Actually that argument was only ever used to make the miners - a very powerful
group in Poland - vote for whichever political party was in charge at the
moment.

The coal industry overall is not a source of growth, but a liability, costing
the taxpayers around €2bln annually.

A looming energy crisis and increasing costs of emissions, finally made the
current government give in, put their cronies where they wanted them and
approve a lot of new offshore wind investments + create a subsidy program for
solar power to the tune of €230mln.

I talked with some people from Silesia and even the miners see the writing on
the wall - currently 20% of the coal used in Poland is imported, so miners as
a group don't have as much leverage as they used to.

------
forinti
Brazil's southeast (which includes São Paulo - the most industrialised state
and with 40 million people) gets humidity from the Amazon. They have had water
shortages these last few years.

This government has given power to the greediest and most short-sighted
elements of Brazilian society. They have always played a big role, but they
now run unbridled and unashamed.

------
ed_dantes99
What if rich countries stop buying things that cause deforestation such as
meat and wood? (now you throw me through the window).
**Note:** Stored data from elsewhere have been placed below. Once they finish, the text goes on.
(* Fix $\mathcal I_{1:V}=(\mathscr C_t,x_t)_{t=1}^V$, $K\ge0$, an integer $r\ge1$, and $\lambda>0$, and let $\mathcal G=L_K(\mathcal I_{1:V})$. Then the relaxation $$\mathbf{Rel}(\mathcal G\mid y_{1:t})=\mathbb E_{\boldsymbol\epsilon_{t+1:V}}\sup_{\mathbf U\in\mathcal{L}\mathrm{as}(r,L_{x_{1:V}})}\Big\{2\sum_{j=t+1}^V\sum_{k=1}^\kappa\boldsymbol\epsilon_{j,k}\|\mathbf U_{\{j\},k}\|^2+\sum_{s=1}^t\|\mathbf U_{\{s\},y_s}\|^2-\lambda\sum_{c\in\cup_{t}\mathscr C_t}\sum_{\alpha\in[\kappa]^{S_c}}R_c(\alpha)\|\mathbf U_{S_c,\alpha}\|^2\Big\}-t+\lambda K$$ is admissible for prediction with respect to $\mathcal G$, where $\boldsymbol\epsilon_{j}\in\{-1,1\}^\kappa$ are vectors of independent Rademacher variables. Moreover, the randomized strategy which at round $t$ draws $\boldsymbol\epsilon_{t+1:V}$ and predicts $\widehat y_t\sim\widehat q_t(\boldsymbol\epsilon_{t+1:V})$, where $$\widehat q_t(\boldsymbol\epsilon_{t+1:V})=\operatorname*{argmin}_{q\in\Delta([\kappa])}\sup_{y_t\in[\kappa]}\Big\{\sup_{\mathbf U\in\mathcal{L}\mathrm{as}(r,L_{x_{1:V}})}\Big\{2\sum_{j=t+1}^V\sum_{k=1}^\kappa\boldsymbol\epsilon_{j,k}\|\mathbf U_{\{j\},k}\|^2+\sum_{s=1}^t\|\mathbf U_{\{s\},y_s}\|^2-\lambda\sum_{c\in\cup_t\mathscr C_t}\sum_{\alpha\in[\kappa]^{S_c}}R_c(\alpha)\|\mathbf U_{S_c,\alpha}\|^2\Big\}-q[y_t]\Big\},$$ satisfies, for every $t\in[V]$ and $y_{1:t-1}$, $\max_{y_t\in[\kappa]}\{\mathbb E[\mathbf 1\{\widehat y_t\ne y_t\}]+\mathbf{Rel}(\mathcal G\mid y_{1:t})\}\le\mathbf{Rel}(\mathcal G\mid y_{1:t-1})$, the expectation being over $\boldsymbol\epsilon_{t+1:V}$ and $\widehat y_t$.
   Context: Notation: $[n]=\{1,\dots,n\}$, $a_{1:t}=(a_1,\dots,a_t)$, $\Delta(A)$ the set of distributions on $A$, $q[y]$ the probability of $y$ under $q$. Setting: $V\ge1$, $\kappa\ge2$, a set $\mathcal X$, a class $L$ of functions $\mathcal X\to[\kappa]$. A constraint $c$ is a pair $(S_c,R_c)$, $S_c\subseteq[V]$, $R_c:[\kappa]^{S_c}\to\mathbb R_{\ge0}$; for $g\in[\kappa]^V$, $c(g)=R_c(g|_{S_c})$. $\mathcal I_t=(\mathscr C_t,x_t)$ with $x_t\in\mathcal X$ and $\mathscr C_t$ a finite set of constraints. $L_K(\mathcal I_{1:V})=\{f\in L:\sum_{c\in\cup_t\mathscr C_t}c((f(x_1),\dots,f(x_V)))\le K\}$. Loss $\ell(\widehat y,y)=\mathbf 1\{\widehat y\ne y\}$. Standing assumption: $L_{x_{1:V}}:=\{M\in\{0,1\}^{V\times\kappa}:\exists f\in L,\ M_{t,i}=\mathbf 1\{f(x_t)=i\}\}$ equals $\{0,1\}^{V\times\kappa}\cap\{M: M^\top B^j\le c_j,\ j\in[d]\}$ for some $B^j\in\mathbb R^{V\times\kappa}$, $c_j\in\mathbb R$. $\mathcal{L}\mathrm{as}(r,L_{x_{1:V}})$ is the set of families of vectors $\mathbf U_{S,\alpha}$ ($S\subseteq[V]$, $|S|\le r$, $\alpha\in[\kappa]^S$, including $\mathbf U_{\emptyset,\emptyset}$) satisfying: $\langle\mathbf U_{S_1,\alpha_1},\mathbf U_{S_2,\alpha_2}\rangle=0$ whenever $\alpha_1,\alpha_2$ disagree on $S_1\cap S_2$; $\langle\mathbf U_{S_1,\alpha_1},\mathbf U_{S_2,\alpha_2}\rangle=\langle\mathbf U_{S_3,\alpha_3},\mathbf U_{S_4,\alpha_4}\rangle$ whenever $S_1\cup S_2=S_3\cup S_4$ and $\alpha_1\circ\alpha_2=\alpha_3\circ\alpha_4$ (combined assignments); $\sum_{k}\|\mathbf U_{\{i\},k}\|^2=1$ for all $i$, $\|\mathbf U_{\emptyset,\emptyset}\|^2=1$; all inner products are $\ge0$; and for all $S,\alpha,j$: $\sum_{v\in[V],\beta\in[\kappa]}\|\mathbf U_{S\cup\{v\},\alpha\circ\beta}\|^2B^j_{(v,\beta)}\le c_j\|\mathbf U_{S,\alpha}\|^2$. Admissibility: for fixed $x_{1:V}$ and class $\mathcal G$, functions $\mathbf{Rel}(\mathcal G\mid y_{1:t})$, $t=0,\dots,V$, are admissible if (i) $\mathbf{Rel}(\mathcal G\mid y_{1:V})\ge-\inf_{f\in\mathcal G}\sum_t\ell(f(x_t),y_t)$ for all $y_{1:V}$, and (ii) $\inf_{q\in\Delta([\kappa])}\sup_{y_t}\{\mathbb E_{\widehat y\sim q}\ell(\widehat y,y_t)+\mathbf{Rel}(\mathcal G\mid y_{1:t})\}\le\mathbf{Rel}(\mathcal G\mid y_{1:t-1})$ for all $t$ and $y_{1:t-1}$. *)

theory Defs
  imports "HOL-Analysis.Analysis"
begin

definition loss :: "nat \<Rightarrow> nat \<Rightarrow> real" where
  "loss a b = (if a \<noteq> b then 1 else 0)"

text \<open>Assignments \<alpha> in [\<kappa>]^S, represented extensionally (undefined outside S).\<close>
definition asg :: "nat set \<Rightarrow> nat \<Rightarrow> (nat \<Rightarrow> nat) set" where
  "asg S \<kappa> = PiE S (\<lambda>_. {1..\<kappa>})"

definition sg :: "nat \<Rightarrow> nat \<Rightarrow> nat \<Rightarrow> nat" where
  "sg j k = (\<lambda>v. if v = j then k else undefined)"

definition consistent :: "nat set \<Rightarrow> (nat \<Rightarrow> nat) \<Rightarrow> nat set \<Rightarrow> (nat \<Rightarrow> nat) \<Rightarrow> bool" where
  "consistent S1 a1 S2 a2 \<longleftrightarrow> (\<forall>v\<in>S1 \<inter> S2. a1 v = a2 v)"

definition comb :: "nat set \<Rightarrow> (nat \<Rightarrow> nat) \<Rightarrow> nat set \<Rightarrow> (nat \<Rightarrow> nat) \<Rightarrow> nat \<Rightarrow> nat" where
  "comb S1 a1 S2 a2 = (\<lambda>v. if v \<in> S1 then a1 v else if v \<in> S2 then a2 v else undefined)"

definition idx :: "nat \<Rightarrow> nat \<Rightarrow> nat \<Rightarrow> (nat set \<times> (nat \<Rightarrow> nat)) set" where
  "idx V \<kappa> r = {(S, \<alpha>). S \<subseteq> {1..V} \<and> card S \<le> r \<and> \<alpha> \<in> asg S \<kappa>}"

text \<open>The level-r Lasserre set Las(r, L_{x_{1:V}}) w.r.t. the polytope description
  (B^j, c_j), j \<in> [d]; B j v \<beta> stands for B^j_{(v,\<beta>)}.\<close>
definition lasserre ::
  "nat \<Rightarrow> nat \<Rightarrow> nat \<Rightarrow> nat \<Rightarrow> (nat \<Rightarrow> nat \<Rightarrow> nat \<Rightarrow> real) \<Rightarrow> (nat \<Rightarrow> real)
     \<Rightarrow> (nat set \<Rightarrow> (nat \<Rightarrow> nat) \<Rightarrow> 'v::real_inner) set" where
  "lasserre V \<kappa> r d B c = {U.
     (\<forall>(S1, a1)\<in>idx V \<kappa> r. \<forall>(S2, a2)\<in>idx V \<kappa> r.
        \<not> consistent S1 a1 S2 a2 \<longrightarrow> inner (U S1 a1) (U S2 a2) = 0) \<and>
     (\<forall>(S1, a1)\<in>idx V \<kappa> r. \<forall>(S2, a2)\<in>idx V \<kappa> r. \<forall>(S3, a3)\<in>idx V \<kappa> r. \<forall>(S4, a4)\<in>idx V \<kappa> r.
        consistent S1 a1 S2 a2 \<and> consistent S3 a3 S4 a4 \<and> S1 \<union> S2 = S3 \<union> S4 \<and>
        comb S1 a1 S2 a2 = comb S3 a3 S4 a4 \<longrightarrow>
        inner (U S1 a1) (U S2 a2) = inner (U S3 a3) (U S4 a4)) \<and>
     (\<forall>i\<in>{1..V}. (\<Sum>k\<in>{1..\<kappa>}. (norm (U {i} (sg i k)))\<^sup>2) = 1) \<and>
     (norm (U {} (\<lambda>_. undefined)))\<^sup>2 = 1 \<and>
     (\<forall>(S1, a1)\<in>idx V \<kappa> r. \<forall>(S2, a2)\<in>idx V \<kappa> r. 0 \<le> inner (U S1 a1) (U S2 a2)) \<and>
     (\<forall>(S, \<alpha>)\<in>idx V \<kappa> r. card S < r \<longrightarrow> (\<forall>j\<in>{1..d}.
        (\<Sum>v\<in>{1..V}. \<Sum>\<beta>\<in>{1..\<kappa>}.
           (if v \<in> S \<and> \<alpha> v \<noteq> \<beta> then 0
            else (norm (U (S \<union> {v}) (comb S \<alpha> {v} (sg v \<beta>))))\<^sup>2) * B j v \<beta>)
        \<le> c j * (norm (U S \<alpha>))\<^sup>2))}"

definition signs :: "nat \<Rightarrow> nat \<Rightarrow> nat \<Rightarrow> (nat \<Rightarrow> nat \<Rightarrow> real) set" where
  "signs V \<kappa> t = PiE {t+1..V} (\<lambda>_. PiE {1..\<kappa>} (\<lambda>_. {-1, 1}))"

text \<open>Constraint set: pairs (S_c, R_c); the union of all C_t.\<close>
type_synonym constr = "nat set \<times> ((nat \<Rightarrow> nat) \<Rightarrow> real)"

definition allC :: "nat \<Rightarrow> (nat \<Rightarrow> constr set) \<Rightarrow> constr set" where
  "allC V Cs = (\<Union>t\<in>{1..V}. Cs t)"

definition obj :: "nat \<Rightarrow> nat \<Rightarrow> constr set \<Rightarrow> real \<Rightarrow> nat \<Rightarrow> (nat \<Rightarrow> nat)
     \<Rightarrow> (nat \<Rightarrow> nat \<Rightarrow> real) \<Rightarrow> (nat set \<Rightarrow> (nat \<Rightarrow> nat) \<Rightarrow> 'v::real_inner) \<Rightarrow> real" where
  "obj V \<kappa> C lam t y \<epsilon> U =
     2 * (\<Sum>j\<in>{t+1..V}. \<Sum>k\<in>{1..\<kappa>}. \<epsilon> j k * (norm (U {j} (sg j k)))\<^sup>2)
     + (\<Sum>s\<in>{1..t}. (norm (U {s} (sg s (y s))))\<^sup>2)
     - lam * (\<Sum>cc\<in>C. \<Sum>\<alpha>\<in>asg (fst cc) \<kappa>. snd cc \<alpha> * (norm (U (fst cc) \<alpha>))\<^sup>2)"

text \<open>The relaxation Rel(G | y_{1:t}); the expectation over independent Rademacher
  signs is the uniform average over all sign patterns.\<close>
definition Rel :: "(nat set \<Rightarrow> (nat \<Rightarrow> nat) \<Rightarrow> 'v::real_inner) set \<Rightarrow> nat \<Rightarrow> nat \<Rightarrow> constr set
     \<Rightarrow> real \<Rightarrow> real \<Rightarrow> nat \<Rightarrow> (nat \<Rightarrow> nat) \<Rightarrow> real" where
  "Rel Las V \<kappa> C lam K t y =
     (\<Sum>\<epsilon>\<in>signs V \<kappa> t. (SUP U\<in>Las. obj V \<kappa> C lam t y \<epsilon> U)) / real (card (signs V \<kappa> t))
     - real t + lam * K"

definition LK :: "('x \<Rightarrow> nat) set \<Rightarrow> (nat \<Rightarrow> 'x) \<Rightarrow> constr set \<Rightarrow> real \<Rightarrow> ('x \<Rightarrow> nat) set" where
  "LK L x C K = {f\<in>L. (\<Sum>cc\<in>C. snd cc (restrict (\<lambda>t. f (x t)) (fst cc))) \<le> K}"

definition distr_on :: "nat \<Rightarrow> (nat \<Rightarrow> real) set" where
  "distr_on \<kappa> = {q. (\<forall>i\<in>{1..\<kappa>}. 0 \<le> q i) \<and> (\<Sum>i\<in>{1..\<kappa>}. q i) = 1}"

text \<open>Admissibility of relaxation Rel (Rel t y depends on y_{1..t}).
  Condition (i): Rel(y_{1:V}) \<ge> -inf_f loss = sup_f (-loss), written pointwise.\<close>
definition admissible :: "nat \<Rightarrow> nat \<Rightarrow> ('x \<Rightarrow> nat) set \<Rightarrow> (nat \<Rightarrow> 'x)
     \<Rightarrow> (nat \<Rightarrow> (nat \<Rightarrow> nat) \<Rightarrow> real) \<Rightarrow> bool" where
  "admissible V \<kappa> G x R \<longleftrightarrow>
     (\<forall>y. (\<forall>s\<in>{1..V}. y s \<in> {1..\<kappa>}) \<longrightarrow>
        (\<forall>f\<in>G. - (\<Sum>t\<in>{1..V}. loss (f (x t)) (y t)) \<le> R V y)) \<and>
     (\<forall>t\<in>{1..V}. \<forall>y. (\<forall>s\<in>{1..<t}. y s \<in> {1..\<kappa>}) \<longrightarrow>
        (INF q\<in>distr_on \<kappa>. Max ((\<lambda>yt. (\<Sum>i\<in>{1..\<kappa>}. q i * loss i yt) + R t (y(t := yt))) ` {1..\<kappa>}))
          \<le> R (t - 1) y)"

end

theory Submission
  imports Defs
begin

text \<open>Fix a round \<open>t\<close> and the later signs \<open>\<epsilon>\<close>. A Lasserre family \<open>U\<close> enters the
  objective through \<open>A(U) + \<langle>w, a(U)\<rangle>\<close>, where \<open>a(U) = (\<parallel>U {t} k\<parallel>\<^sup>2)\<close> is a probability
  vector on the labels: revealing the label \<open>y\<close> contributes \<open>w = e y\<close>, a fresh Rademacher
  vector \<open>\<sigma>\<close> contributes \<open>w = 2\<sigma>\<close>. The supremum \<open>S(w)\<close> over the Lasserre set is convex in
  \<open>w\<close>, so symmetrising over sign flips gives \<open>S(e y - e k) + S(e k - e y) \<le> 2 E\<^sub>\<sigma> S(2\<sigma>) = 2R\<close>.
  Summing these pair bounds over a set \<open>T\<close> of labels yields \<open>\<Sum>y\<in>T. S(e y) - R \<le> 1\<close>, which is
  exactly what is needed for a distribution \<open>q\<close> with \<open>S(e y) - q y \<le> R\<close> for every label.
  Averaging over \<open>\<epsilon>\<close> gives the admissibility inequality; the final condition follows by
  evaluating the supremum at the integral solution of a labelling in \<open>L\<^sub>K\<close>.\<close>

definition sign_vectors :: "nat \<Rightarrow> (nat \<Rightarrow> real) set" where
  "sign_vectors \<kappa> = PiE {1..\<kappa>} (\<lambda>_. {-1, 1})"

definition flip_signs :: "nat set \<Rightarrow> (nat \<Rightarrow> real) \<Rightarrow> nat \<Rightarrow> real" where
  "flip_signs J \<sigma> = (\<lambda>i. if i \<in> J then - \<sigma> i else \<sigma> i)"

lemma finite_sign_vectors: "finite (sign_vectors \<kappa>)"
  unfolding sign_vectors_def by (intro finite_PiE) auto

lemma card_sign_vectors_pos: "0 < card (sign_vectors \<kappa>)"
  unfolding sign_vectors_def by (simp add: card_PiE)

lemma sign_vectors_values: "\<sigma> \<in> sign_vectors \<kappa> \<Longrightarrow> k \<in> {1..\<kappa>} \<Longrightarrow> \<sigma> k \<in> {-1, 1}"
  unfolding sign_vectors_def by auto

lemma flip_signs_in_sign_vectors:
  "J \<subseteq> {1..\<kappa>} \<Longrightarrow> \<sigma> \<in> sign_vectors \<kappa> \<Longrightarrow> flip_signs J \<sigma> \<in> sign_vectors \<kappa>"
  unfolding sign_vectors_def flip_signs_def by (auto simp: PiE_iff extensional_def)

lemma flip_signs_flip_signs [simp]: "flip_signs J (flip_signs J \<sigma>) = \<sigma>"
  unfolding flip_signs_def by auto

lemma sum_sign_vectors_flip:
  assumes "J \<subseteq> {1..\<kappa>}"
  shows "(\<Sum>\<sigma>\<in>sign_vectors \<kappa>. g (flip_signs J \<sigma>)) = (\<Sum>\<sigma>\<in>sign_vectors \<kappa>. g \<sigma>)"
  by (rule sum.reindex_bij_witness[of _ "flip_signs J" "flip_signs J"])
    (auto simp: flip_signs_in_sign_vectors[OF assms])

lemma exists_distr_excess_le:
  fixes \<Phi> :: "nat \<Rightarrow> real"
  assumes "1 \<le> \<kappa>" and excess: "\<And>T. T \<subseteq> {1..\<kappa>} \<Longrightarrow> (\<Sum>y\<in>T. \<Phi> y - R) \<le> 1"
  shows "\<exists>q\<in>distr_on \<kappa>. \<forall>y\<in>{1..\<kappa>}. \<Phi> y - q y \<le> R"
proof -
  define e where "e y = max 0 (\<Phi> y - R)" for y
  have "(\<Sum>y\<in>{1..\<kappa>}. e y) = (\<Sum>y\<in>{y \<in> {1..\<kappa>}. R < \<Phi> y}. \<Phi> y - R)"
    unfolding e_def sum.inter_filter[OF finite_atLeastAtMost] by (rule sum.cong) auto
  also have "\<dots> \<le> 1" by (rule excess) auto
  finally have e_sum: "(\<Sum>y\<in>{1..\<kappa>}. e y) \<le> 1" .
  define q where "q y = e y + (if y = 1 then 1 - (\<Sum>z\<in>{1..\<kappa>}. e z) else 0)" for y
  have "q \<in> distr_on \<kappa>"
    using e_sum \<open>1 \<le> \<kappa>\<close> by (auto simp: distr_on_def q_def e_def sum.distrib)
  moreover have "\<Phi> y - q y \<le> R" for y
    using e_sum by (auto simp: q_def e_def)
  ultimately show ?thesis by blast
qed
When I read that foreigners (specially Europeans) are concerned about Amazon I
simply laugh. They've been exploiting Brazilian's (and other colonies as well)
natural resources since ever! They've got rich as hell by just doing that!!
But now they are superior and know exactly what the world needs. Same old
story.

------
addicted
Apparently it’s not just the forests that are an obstacle to growth.

[https://www.theguardian.com/world/2019/jul/28/amazon-gold-
mi...](https://www.theguardian.com/world/2019/jul/28/amazon-gold-miners-
invade-indigenous-village-brazil-leader-killed)

------
lipe66
There are no protections being slashed. this is totaly and complete BS. France
is attacking Brasil because of the impact in a comer ial agreement. Why you
don't go take care of your lives instead of gossiping in the web?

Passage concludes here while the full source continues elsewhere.